Consumer goods firm Unilever has collaborated with start-up firm Ioniqa and polyethylene terephthalate (PET) resin producer Indorama Ventures to pioneer a new technology that can turn PET waste into virgin grade material for use in food packaging applications.
Ioniqa has developed an advanced technology, which can turn any PET waste, including colored packs, into transparent virgin grade material.
The technology, which has completed its pilot stage, will be tested at an industrial scale.
PET is largely used in producing plastic packaging, and only up to 20% of the total material is recycled and the remaining material is either incinerated, disposed of in landfills or leaked into the natural environment.

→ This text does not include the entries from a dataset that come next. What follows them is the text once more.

(* Consider the following instance of the setup. $\mathcal A=\{0,1\}$ with $A$ uniform; $B$ is the output of a binary erasure channel with erasure probability $\beta\in[0,1]$ and input $A$ (so $\mathcal B=\{0,1,\mathrm{e}\}$, $B=A$ with probability $1-\beta$ and $B=\mathrm{e}$ with probability $\beta$); $E$ is the output of a binary symmetric channel with crossover probability $\epsilon\in[0,1/2]$ and input $A$, where $B$ and $E$ are conditionally independent given $A$. The channel has $\mathcal X=\mathcal Y=\mathcal Z=\{0,1\}$, $Y=X$ (noiseless), and $Z$ is the output of a binary symmetric channel with crossover probability $\zeta\in[0,1/2]$ and input $X$. The distortion is Hamming, $d(a,\hat a)=\mathbf 1\{a\ne\hat a\}$. Let $\mathcal R_{\mathrm{in}}$ be the set of tuples $(k,D,\Delta)\in\mathbb{R}_+^3$ satisfying the conditions of the inner bound below. Then for every $\Delta\ge0$: $(1,0,\Delta)\in\mathcal R_{\mathrm{in}}$ if and only if there exist $u,q\in[0,1/2]$ such that \begin{align*} \beta\,(1-h_2(u))&\le 1-h_2(q),\\ \Delta&\le h_2(\epsilon)+h_2(u)-h_2(\epsilon\star u)-\Big[\beta\,h_2(u)-\big(h_2(\zeta)+h_2(q)-h_2(\zeta\star q)\big)\Big]_+ . \end{align*}
   Context: Here $h_2(x)=-x\log_2 x-(1-x)\log_2(1-x)$ is the binary entropy function, $a\star b=a(1-b)+(1-a)b$, and $[x]_+=\max(0,x)$. Inner bound region $\mathcal R_{\mathrm{in}}$: a tuple $(k,D,\Delta)\in\mathbb{R}_+^3$ belongs to $\mathcal R_{\mathrm{in}}$ iff there exist random variables $U,V,Q,T$ on finite sets, an input distribution $p(x)$, and a function $\hat A:\mathcal V\times\mathcal B\to\mathcal A$ with joint distribution $p(u|v)\,p(v|a)\,p(a,b,e)\,p(q|t)\,p(t|x)\,p(x)\,P(y,z|x)$ such that $I(U;A|B)\le k\,I(Q;Y)$, $I(V;A|B)\le k\,I(T;Y)$, $D\ge\mathbb{E}[d(A,\hat A(V,B))]$, and $\Delta\le H(A|U,E)-\big[I(V;A|U,B)-k\big(I(T;Y|Q)-I(T;Z|Q)\big)\big]_+$. Here $(A,B,E)$ has the source distribution and $(Y,Z)$ is the channel output for input $X$. *)

theory Defs
  imports "HOL-Probability.Probability"
begin

definition h2 :: "real \<Rightarrow> real" where
  "h2 x = - x * log 2 x - (1 - x) * log 2 (1 - x)"
  (* note: in Isabelle log 2 0 = 0, so 0 * log 2 0 = 0 as in the convention 0 log 0 = 0 *)

definition star :: "real \<Rightarrow> real \<Rightarrow> real" where
  "star a b = a * (1 - b) + (1 - a) * b"

definition pos_part :: "real \<Rightarrow> real" where
  "pos_part x = max 0 x"

definition ent :: "'a pmf \<Rightarrow> real" where
  "ent p = (\<Sum>x\<in>set_pmf p. - pmf p x * log 2 (pmf p x))"

definition Hv :: "'w pmf \<Rightarrow> ('w \<Rightarrow> 'a) \<Rightarrow> real" where
  "Hv J X = ent (map_pmf X J)"

definition MI :: "'w pmf \<Rightarrow> ('w \<Rightarrow> 'a) \<Rightarrow> ('w \<Rightarrow> 'b) \<Rightarrow> real" where
  "MI J X Y = Hv J X + Hv J Y - Hv J (\<lambda>w. (X w, Y w))"

definition CMI :: "'w pmf \<Rightarrow> ('w \<Rightarrow> 'a) \<Rightarrow> ('w \<Rightarrow> 'b) \<Rightarrow> ('w \<Rightarrow> 'c) \<Rightarrow> real" where
  "CMI J X Y Z = Hv J (\<lambda>w. (X w, Z w)) + Hv J (\<lambda>w. (Y w, Z w))
                 - Hv J (\<lambda>w. (X w, Y w, Z w)) - Hv J Z"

Unilever, via its R&D foods team, has collaborated with Indorama Ventures and Ioniqa, a spin-off from Netherlands-based Eindhoven University of Technology, to deal with the issue.
Ioniqa’s new technology adopts non-recycled PET waste such as colored bottles and breaks it down to base molecule level, helping to separate the color and other contaminants.

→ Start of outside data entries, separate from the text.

locale extended_solution = sqc_hamiltonian +
  fixes a f f' :: "real \<Rightarrow> real" and lam K :: real
  assumes a_cont: "continuous_on UNIV a" and a_nonneg: "\<And>x. 0 \<le> a x"
    and a_quadratic: "\<And>z w. a w = 0 \<Longrightarrow> a z \<le> K\<^sup>2 * (z - w)\<^sup>2" and K_pos: "0 < K"
    and subcritical_at_zeros: "\<And>x. a x = 0 \<Longrightarrow> \<exists>p. H x p < lam"
    and f_deriv: "\<And>x. 0 < a x \<Longrightarrow> (f has_real_derivative f' x) (at x)"
    and f_eq: "\<And>x. 0 < a x \<Longrightarrow> a x * f' x + H x (f x) = lam"
    and f_bdd: "bounded (f ` {x. 0 < a x})"
    and f_ext: "\<And>x. a x = 0 \<Longrightarrow> f x = p_plus H lam x"
begin

lemma open_positivity_set: "open {x. 0 < a x}"
  using open_vimage[OF open_greaterThan a_cont] by (simp add: vimage_def)

lemma f_bounded: obtains B where "\<And>x. \<bar>f x\<bar> \<le> B"
proof -
  obtain B0 where B0: "\<And>x. 0 < a x \<Longrightarrow> \<bar>f x\<bar> \<le> B0"
    using f_bdd unfolding bounded_iff by auto
  have "\<bar>f x\<bar> \<le> max B0 (max 1 ((lam + 1 / \<alpha>0) / \<alpha>0))" for x
  proof (cases "0 < a x")
    case False
    then have "a x = 0" using a_nonneg[of x] by simp
    then obtain p where "H x p < lam" using subcritical_at_zeros by blast
    then show ?thesis using abs_p_plus_le[of x p lam] f_ext[OF \<open>a x = 0\<close>] by simp
  qed (use B0 in force)
  then show thesis using that by blast
qed

lemma f_measurable: "f \<in> borel_measurable lebesgue"
proof (rule borel_measurable_lebesgue_piecewise_continuous[OF open_positivity_set])
  show "continuous_on {x. 0 < a x} f"
    using f_deriv by (intro continuous_at_imp_continuous_on) (auto intro: DERIV_isCont)
  have "continuous_on (- {x. 0 < a x}) (p_plus H lam)"
  proof (intro continuous_at_imp_continuous_on ballI)
    fix x assume "x \<in> - {x. 0 < a x}"
    then have "a x = 0" using a_nonneg[of x] by simp
    then show "isCont (p_plus H lam) x" using subcritical_at_zeros isCont_p_plus by blast
  qed
  then show "continuous_on (- {x. 0 < a x}) f"
    by (rule continuous_on_eq) (use a_nonneg f_ext in \<open>force simp: order_le_less\<close>)
qed

lemma f_integrable: "f integrable_on {s..t}"
  using f_bounded integrable_on_interval_bounded_measurable[OF f_measurable] by metis

lemma prim0_f_lipschitz: "\<exists>L. L-lipschitz_on UNIV (prim0 f)"
  using f_bounded prim0_lipschitz[OF f_measurable] by metis

lemma f'_le_where_H_large:
  assumes "0 < a z" "lam + c < H z (f z)"
  shows "f' z \<le> - c / a z"
proof -
  have "f' z * a z \<le> - c" using f_eq[OF assms(1)] assms(2) by (simp add: algebra_simps)
  then have "f' z \<le> (- c) / a z" using assms(1) by (subst pos_le_divide_eq) auto
  then show ?thesis by simp
qed

lemma f_le_right_of_zero:
  assumes "a x0 = 0" "H x0 p0 < lam" "p0 < q" "lam < H x0 q"
  obtains \<delta> where "0 < \<delta>" "\<And>y. x0 \<le> y \<Longrightarrow> y < x0 + \<delta> \<Longrightarrow> f y \<le> q"
proof -
  obtain c \<delta> where "0 < c" "0 < \<delta>"
    and near: "\<And>y. \<bar>y - x0\<bar> < \<delta> \<Longrightarrow> H y p0 < lam \<and> lam + c < H y q"
    using H_separation_near[OF assms(2,4)] by blast
  obtain B where B: "\<And>x. \<bar>f x\<bar> \<le> B" using f_bounded by blast
  have "f y \<le> q" if "x0 \<le> y" "y < x0 + \<delta>" for y
  proof (cases "a y = 0")
    case True
    have "\<bar>y - x0\<bar> < \<delta>" using that by simp
    then have "H y p0 < lam" "lam < H y q" using near[of y] \<open>0 < c\<close> by auto
    then show ?thesis using p_plus_le[of y p0 lam q] \<open>p0 < q\<close> f_ext[OF True] by simp
  next
    case False
    then have "0 < a y" using a_nonneg[of y] by simp
    show ?thesis
    proof (rule ode_barrier_right[OF a_cont a_nonneg a_quadratic K_pos \<open>a x0 = 0\<close> \<open>x0 \<le> y\<close> \<open>0 < a y\<close> \<open>0 < c\<close> f_deriv B])
      show "f' z \<le> - c / a z" if "x0 \<le> z" "z \<le> y" "0 < a z" "q < f z" for z
      proof (rule f'_le_where_H_large[OF \<open>0 < a z\<close>])
        have "H z p0 < lam" "lam + c < H z q" using near[of z] that \<open>y < x0 + \<delta>\<close> by auto
        then show "lam + c < H z (f z)"
          using strictly_quasiconvex_rises_right[OF quasiconvex[of z] \<open>p0 < q\<close> \<open>q < f z\<close>] \<open>0 < c\<close> by simp
      qed
    qed
  qed
  then show thesis using that \<open>0 < \<delta>\<close> by blast
qed

lemma f_ge_left_of_zero:
  assumes "a x0 = 0" "H x0 p0 < lam" "q < p0" "lam < H x0 q"
  obtains \<delta> where "0 < \<delta>" "\<And>y. x0 - \<delta> < y \<Longrightarrow> y \<le> x0 \<Longrightarrow> q \<le> f y"
proof -
  obtain c \<delta> where "0 < c" "0 < \<delta>"
    and near: "\<And>y. \<bar>y - x0\<bar> < \<delta> \<Longrightarrow> H y p0 < lam \<and> lam + c < H y q"
    using H_separation_near[OF assms(2,4)] by blast
  obtain B where B: "\<And>x. \<bar>f x\<bar> \<le> B" using f_bounded by blast
  have "q \<le> f y" if "x0 - \<delta> < y" "y \<le> x0" for y
  proof (cases "a y = 0")
    case True
    have "\<bar>y - x0\<bar> < \<delta>" using that by simp
    then show ?thesis using near[of y] le_p_plus[of y p0 lam] \<open>q < p0\<close> f_ext[OF True] by simp
  next
    case False
    then have "0 < a y" using a_nonneg[of y] by simp
    show ?thesis
    proof (rule ode_barrier_left[OF a_cont a_nonneg a_quadratic K_pos \<open>a x0 = 0\<close> \<open>y \<le> x0\<close> \<open>0 < a y\<close> \<open>0 < c\<close> f_deriv B])
      show "f' z \<le> - c / a z" if "y \<le> z" "z \<le> x0" "0 < a z" "f z < q" for z
      proof (rule f'_le_where_H_large[OF \<open>0 < a z\<close>])
        have "H z p0 < lam" "lam + c < H z q" using near[of z] that \<open>x0 - \<delta> < y\<close> by auto
        then show "lam + c < H z (f z)"
          using strictly_quasiconvex_rises_left[OF quasiconvex[of z] \<open>f z < q\<close> \<open>q < p0\<close>] \<open>0 < c\<close> by simp
      qed
    qed
  qed
  then show thesis using that \<open>0 < \<delta>\<close> by blast
qed

lemma supersolution_test_positive:
  assumes "C2_with \<phi> \<phi>' \<phi>''" "touches_below \<phi> (prim0 f) x0" "0 < a x0"
  shows "a x0 * \<phi>'' x0 + H x0 (\<phi>' x0) \<le> lam"
proof -
  obtain e where "0 < e" and ball: "ball x0 e \<subseteq> {x. 0 < a x}"
    using open_positivity_set \<open>0 < a x0\<close> open_contains_ball by blast
  have u_deriv: "(prim0 f has_real_derivative f y) (at y)" if "\<bar>y - x0\<bar> < e" for y
  proof (rule prim0_has_real_derivative[OF f_integrable])
    have "y \<in> ball x0 e" using that by (simp add: dist_real_def abs_minus_commute)
    then have "0 < a y" using ball by blast
    then show "isCont f y" using f_deriv DERIV_isCont by blast
  qed
  have \<phi>_deriv: "(\<phi> has_real_derivative \<phi>' y) (at y)" "(\<phi>' has_real_derivative \<phi>'' y) (at y)" for y
    using assms(1) unfolding C2_with_def by auto
  have "\<phi>' x0 = f x0"
    using touches_below_derivative_eq[OF assms(2) \<phi>_deriv(1) u_deriv] \<open>0 < e\<close> by simp
  moreover have "\<phi>'' x0 \<le> f' x0"
    using touches_below_second_derivative_le[OF assms(2) \<open>0 < e\<close> u_deriv \<phi>_deriv(1)
        f_deriv[OF \<open>0 < a x0\<close>] \<phi>_deriv(2)] .
  moreover have "a x0 * \<phi>'' x0 \<le> a x0 * f' x0"
    using calculation(2) \<open>0 < a x0\<close> by (simp add: mult_left_mono)
  ultimately show ?thesis using f_eq[OF \<open>0 < a x0\<close>] by simp
qed

lemma supersolution_test_zero:
  assumes "C2_with \<phi> \<phi>' \<phi>''" "touches_below \<phi> (prim0 f) x0" "a x0 = 0"
  shows "H x0 (\<phi>' x0) \<le> lam"
proof (rule ccontr)
  assume "\<not> H x0 (\<phi>' x0) \<le> lam"
  then have H_P: "lam < H x0 (\<phi>' x0)" by simp
  have \<phi>_deriv: "(\<phi> has_real_derivative \<phi>' x0) (at x0)" using assms(1) unfolding C2_with_def by blast
  obtain p0 where "H x0 p0 < lam" using subcritical_at_zeros[OF assms(3)] by blast
  then consider "p0 < \<phi>' x0" | "\<phi>' x0 < p0" using H_P by fastforce
  then show False
  proof cases
    case 1
    then obtain q where "p0 < q" "q < \<phi>' x0" "lam < H x0 q" using H_greater_left_of[OF H_P] by blast
    then obtain \<delta> where "0 < \<delta>" "\<And>y. x0 \<le> y \<Longrightarrow> y < x0 + \<delta> \<Longrightarrow> f y \<le> q"
      using f_le_right_of_zero[OF assms(3) \<open>H x0 p0 < lam\<close>] by blast
    then have "prim0 f y \<le> prim0 f x0 + q * (y - x0)" if "x0 \<le> y" "y < x0 + \<delta>" for y
      using prim0_diff_le[OF f_integrable that(1), of q] that by simp
    then have "\<phi>' x0 \<le> q" using touches_below_slope_right[OF assms(2) \<phi>_deriv \<open>0 < \<delta>\<close>] by blast
    then show False using \<open>q < \<phi>' x0\<close> by simp
  next
    case 2
    then obtain q where "\<phi>' x0 < q" "q < p0" "lam < H x0 q" using H_greater_right_of[OF H_P] by blast
    then obtain \<delta> where "0 < \<delta>" "\<And>y. x0 - \<delta> < y \<Longrightarrow> y \<le> x0 \<Longrightarrow> q \<le> f y"
      using f_ge_left_of_zero[OF assms(3) \<open>H x0 p0 < lam\<close>] by blast
    then have "prim0 f y \<le> prim0 f x0 + q * (y - x0)" if "x0 - \<delta> < y" "y \<le> x0" for y
      using prim0_diff_ge[OF f_integrable that(2), of q] that by (simp add: algebra_simps)
    then have "q \<le> \<phi>' x0" using touches_below_slope_left[OF assms(2) \<phi>_deriv \<open>0 < \<delta>\<close>] by blast
    then show False using \<open>\<phi>' x0 < q\<close> by simp
  qed
qed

Later, the molecules will be converted back into PET, which is similar to virgin grade quality at Indorama’s facility.
If it is successfully tested at industrial scale, the PET material will be converted back into food-grade packaging in the future.
In 2017, Unilever decided that all of its plastic packaging being reusable, recyclable or compostable by 2025.
Unilever chief R&D officer David Blanchard said: “We want all of our packaging to be fit for a world that is circular by design, stepping away from the take-make-dispose model that we currently live in.
“This innovation is particularly exciting because it could unlock one of the major barriers today – making all forms of recycled PET suitable for food packaging.”
Indorama Ventures Group CEO Aloke Lohia said: “We aspire to be a world-class chemical company making great products for society, and this partnership is fully aligned with our vision. Our approach is not limited to our own operations, but we take the entire supply chain into account, including what happens to our products after use.”